Of course this creates or exacerbates other geopolitical antagonisms as well, for example between Russia and Turkey. But that is a whole other chapter and should again be seen in the context of a multipolar world (that pehaps has not yet come to be), where rising powers can tolerate each other – and compromise with compartmentalized relations – insofar as that allows them to climb the ladder of international power against the previous, established (Western) order. This much is common between Russia and Turkey, despite divergences.

The EU is still unable to respond as a Union. Germany’s ties with – or dependence on – Russia have proven more effective in dealing with the crisis for the time being, than French diplomacy. Which, again points to the limitations of France’s “EU strategic autonomy” project. At the same time, Germany and the US are not exactly on the same page, though the NATO framework still provides some degree of cohesion. And yet significant compromises had to be made for “de-escalation”. Shelving Ukraine’s NATO accession was no small thing, though it happened before.

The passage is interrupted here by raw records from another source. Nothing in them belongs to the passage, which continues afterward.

lemma repeated_dickson:
  assumes "s \<in> {1, -1}" "t \<in> repeated s B"
  obtains e u j k where "e \<in> {1, -1}" "e ^ j = s" "e ^ k = s" "1 \<le> j" "j < k" "1 \<le> u"
    "t = dickson e u k" "real_of_int ((u - 1) ^ k) \<le> real_of_int B + 1" "(6/5) ^ k \<le> real_of_int B + 1"
proof -
  obtain t0 where t0: "t0 \<in> I_set s B" "t \<in> I_set s B" "t0 < t"
    "sqfree_part (t0^2 - 4 * s) = sqfree_part (t^2 - 4 * s)"
    using assms(2) unfolding repeated_def by blast
  then have pos: "t0^2 - 4 * s > 0" "t^2 - 4 * s > 0" "1 \<le> t0" "t \<le> B"
    by (auto simp: I_set_def)
  define M where "M = sqfree_part (t^2 - 4 * s)"
  obtain r where r: "1 \<le> r" "t^2 - 4 * s = M * r^2"
    using sqfree_part(2)[OF pos(2)] unfolding M_def by blast
  obtain r0 where r0: "1 \<le> r0" "t0^2 - 4 * s = M * r0^2"
    using sqfree_part(2)[OF pos(1)] t0(4) unfolding M_def by auto
  have "M > 0" using pos(2) r by (simp add: zero_less_mult_iff)
  moreover have "M \<noteq> 1"
  proof
    assume "M = 1"
    with r(2) have "t^2 - r^2 = 4 * s" by simp
    with square_diff_ne_four[OF _ r(1) assms(1)] pos(3) t0(3) show False by simp
  qed
  ultimately have "M \<ge> 2" by simp
  have eqs: "t0^2 - M * r0^2 = 4 * s" "t^2 - M * r^2 = 4 * s" using r r0 by simp_all
  obtain e u j k where euk: "e \<in> {1, -1}" "e ^ j = s" "e ^ k = s" "1 \<le> j" "j < k" "1 \<le> u"
    "t = dickson e u k" "real_of_int ((u - 1) ^ k) \<le> t + 1" "(6/5) ^ k \<le> t + 1"
    by (rule pell_pair_dickson[OF \<open>M \<ge> 2\<close> assms(1) pos(3) t0(3) r0(1) r(1) eqs])
  have "real_of_int t + 1 \<le> B + 1" using pos(4) by simp
  then show thesis using euk(8,9) by (intro that[OF euk(1-7)]) linarith+
qed

definition dickson_tail :: "nat \<Rightarrow> real \<Rightarrow> int set" where
  "dickson_tail c X = {dickson e u k | e u k. e \<in> {1, -1} \<and> 1 \<le> u \<and> c \<le> k \<and>
                         real_of_int ((u - 1) ^ k) \<le> X \<and> (6/5) ^ k \<le> X}"

lemma le_root_if_power_le:
  fixes v X :: real and c k :: nat
  assumes "0 \<le> v" "1 \<le> X" "1 \<le> c" "c \<le> k" "v ^ k \<le> X"
  shows "v \<le> X powr (1 / c)"
proof (cases "v \<le> 1")
  case True
  then show ?thesis using assms(2) ge_one_powr_ge_zero[of X "1 / c"] by simp
next
  case False
  then have "v ^ c \<le> v ^ k" using assms(4) by (intro power_increasing) auto
  then have "v ^ c \<le> X" using assms(5) by linarith
  then have "(v ^ c) powr (1 / c) \<le> X powr (1 / c)"
    using False by (intro powr_mono2) auto
  moreover have "(v ^ c) powr (1 / c) = v"
    using False assms(3) by (simp add: powr_realpow[symmetric] powr_powr)
  ultimately show ?thesis by simp
qed

lemma le_log_if_power_le:
  fixes b X :: real
  assumes "1 < b" "b ^ k \<le> X"
  shows "k \<le> log b X"
proof -
  have "0 < b ^ k" using assms(1) by simp
  moreover have "0 < X" using calculation assms(2) by linarith
  ultimately have "log b (b ^ k) \<le> log b X" using assms by (subst log_le_cancel_iff) auto
  then show ?thesis using assms(1) by simp
qed

lemma dickson_tail_subset:
  assumes "1 \<le> c" "1 \<le> X"
  shows "dickson_tail c X \<subseteq> (\<lambda>(e, u, k). dickson e u k) `
           ({1, -1} \<times> {1..\<lfloor>X powr (1 / c)\<rfloor> + 1} \<times> {c..nat \<lfloor>log (6/5) X\<rfloor>})"
proof
  fix t assume "t \<in> dickson_tail c X"
  then obtain e u k where euk: "e \<in> {1, -1}" "1 \<le> u" "c \<le> k" "t = dickson e u k"
    "real_of_int (u - 1) ^ k \<le> X" "(6/5) ^ k \<le> X"
    unfolding dickson_tail_def by auto
  have "u - 1 \<le> X powr (1 / c)"
    using le_root_if_power_le[OF _ assms(2,1) euk(3,5)] euk(2) by simp
  then have "u - 1 \<le> \<lfloor>X powr (1 / c)\<rfloor>" by (simp add: le_floor_iff)
  moreover have "k \<le> nat \<lfloor>log (6/5) X\<rfloor>"
    using le_log_if_power_le[OF _ euk(6)] by (simp add: le_nat_floor)
  ultimately show "t \<in> (\<lambda>(e, u, k). dickson e u k) `
      ({1, -1} \<times> {1..\<lfloor>X powr (1 / c)\<rfloor> + 1} \<times> {c..nat \<lfloor>log (6/5) X\<rfloor>})"
    using euk(1-4) by force
qed

lemma finite_dickson_tail: "1 \<le> c \<Longrightarrow> 1 \<le> X \<Longrightarrow> finite (dickson_tail c X)"
  by (rule finite_subset[OF dickson_tail_subset]) auto

lemma card_dickson_tail_le:
  assumes "1 \<le> c" "1 \<le> X"
  shows "real (card (dickson_tail c X)) \<le> 2 * (X powr (1 / c) + 1) * log (6/5) X"
proof -
  define U where "U = {1..\<lfloor>X powr (1 / c)\<rfloor> + 1}"
  define K where "K = {c..nat \<lfloor>log (6/5) X\<rfloor>}"
  have fin: "finite ({1, -1 :: int} \<times> U \<times> K)" by (simp add: U_def K_def)
  note sub = dickson_tail_subset[OF assms, folded U_def K_def]
  have "card (dickson_tail c X) \<le> card ((\<lambda>(e, u, k). dickson e u k) ` ({1, -1} \<times> U \<times> K))"
    by (rule card_mono[OF finite_imageI[OF fin] sub])
  also have "\<dots> \<le> card ({1, -1 :: int} \<times> U \<times> K)"
    by (rule card_image_le[OF fin])
  also have "\<dots> = 2 * card U * card K" by (simp add: card_cartesian_product)
  finally have "real (card (dickson_tail c X)) \<le> real (2 * card U * card K)"
    by (simp only: of_nat_le_iff)
  also have "\<dots> = 2 * real (card U) * real (card K)" by simp
  also have "\<dots> \<le> 2 * (X powr (1 / c) + 1) * log (6/5) X"
  proof (intro mult_mono)
    show "real (card U) \<le> X powr (1 / c) + 1"
      unfolding U_def by (simp add: of_nat_nat)
    have "real (card K) \<le> real (nat \<lfloor>log (6/5) X\<rfloor>)"
      unfolding K_def using assms(1) by simp
    also have "\<dots> \<le> log (6/5) X" using assms(2) by (simp add: of_nat_nat)
    finally show "real (card K) \<le> log (6/5) X" .
  qed (use assms(2) in auto)
  finally show ?thesis .
qed
(* Let $\mathcal{W}(u,v,w):=\exp\bigl[-(u+v+w)^2-w^2-\tfrac12(u-v)^2\bigr]$ and, for $x',y',z',x,y,z\ge0$, $$\begin{aligned}K_2(x',y',z';x,y,z)={}&[1-e^{-4(x'+y'+z')(x+y+z)}](1-e^{-4z'z})\\&+e^{-4x'x-4y'y}[1-e^{-4z'(x+y+z)}][1-e^{-4(x'+y'+z')z}]\\&-e^{-4x'x}[1-e^{-4(y'+z')(x+y+z)}][1-e^{-4(x'+z')z}]\\&-e^{-4y'y}[1-e^{-4(x'+z')(x+y+z)}][1-e^{-4(y'+z')z}]\\&+e^{-4x'x-4z'(x+z)}[1-e^{-4y'(x+y+z)}](1-e^{-4x'z})\\&+e^{-4y'y-4z'(y+z)}[1-e^{-4x'(x+y+z)}](1-e^{-4y'z}).\end{aligned}$$ Then $K_2(x',y',z';0,0,z)=0$, $\partial_xK_2|_{x=y=0}=\partial_yK_2|_{x=y=0}=0$, and for all $x,y,z\ge0$ $$\frac{\sqrt2}{\pi^{3/2}}\int_{\mathbb{R}_+^3}\mathcal{W}(x-x',y-y',z-z')\,K_2(x',y',z';x,y,z)\,\mathrm{d}x'\mathrm{d}y'\mathrm{d}z'=\operatorname{erf}(x)\operatorname{erf}(y)+\operatorname{erf}(z)\operatorname{erf}(x+y+z)-\operatorname{erf}(x+z)\operatorname{erf}(y+z).$$
   Context: All lengths are measured in units of the diffusion length $\ell_0=\sqrt{8Dt}$. $\mathcal{W}$ is (up to normalisation) the Gaussian propagator of the two-interval diffusion equation $\partial_tE=2D[\partial_x^2+\partial_y^2+\partial_z^2-\partial_x\partial_z-\partial_y\partial_z]E$, and $K_2$ is the kernel through which the initial two-interval probability enters the two-interval probability of the coagulation-diffusion process; the identity expresses the fact that an initially empty lattice stays empty. *)

theory Defs
  imports "HOL-Analysis.Analysis"
begin

definition erf :: "real \<Rightarrow> real" where
  "erf x = 2 / sqrt pi * (LBINT t=0..x. exp (- (t\<^sup>2)))"

definition W :: "real \<Rightarrow> real \<Rightarrow> real \<Rightarrow> real" where
  "W u v w = exp (- ((u + v + w)\<^sup>2) - w\<^sup>2 - (1/2) * (u - v)\<^sup>2)"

I believe it’s safe to say that, as far as this phase of the protracted conflict is concerned, Russia has been successful – not least by demonstrating its importance for the EU’s economy and security. The US on the other hand has been unable to convince; Washington’s public discourse has been a fiasco.

Overall, unless there is some kind of settlement on the protracted conflict, Ukraine crisis won’t be resolved. But this doesn’t work the other way around: a “solution” on the Ukraine crisis – whatever that may be – won’t resolve the protracted conflict that stems from fluctuations in the international order.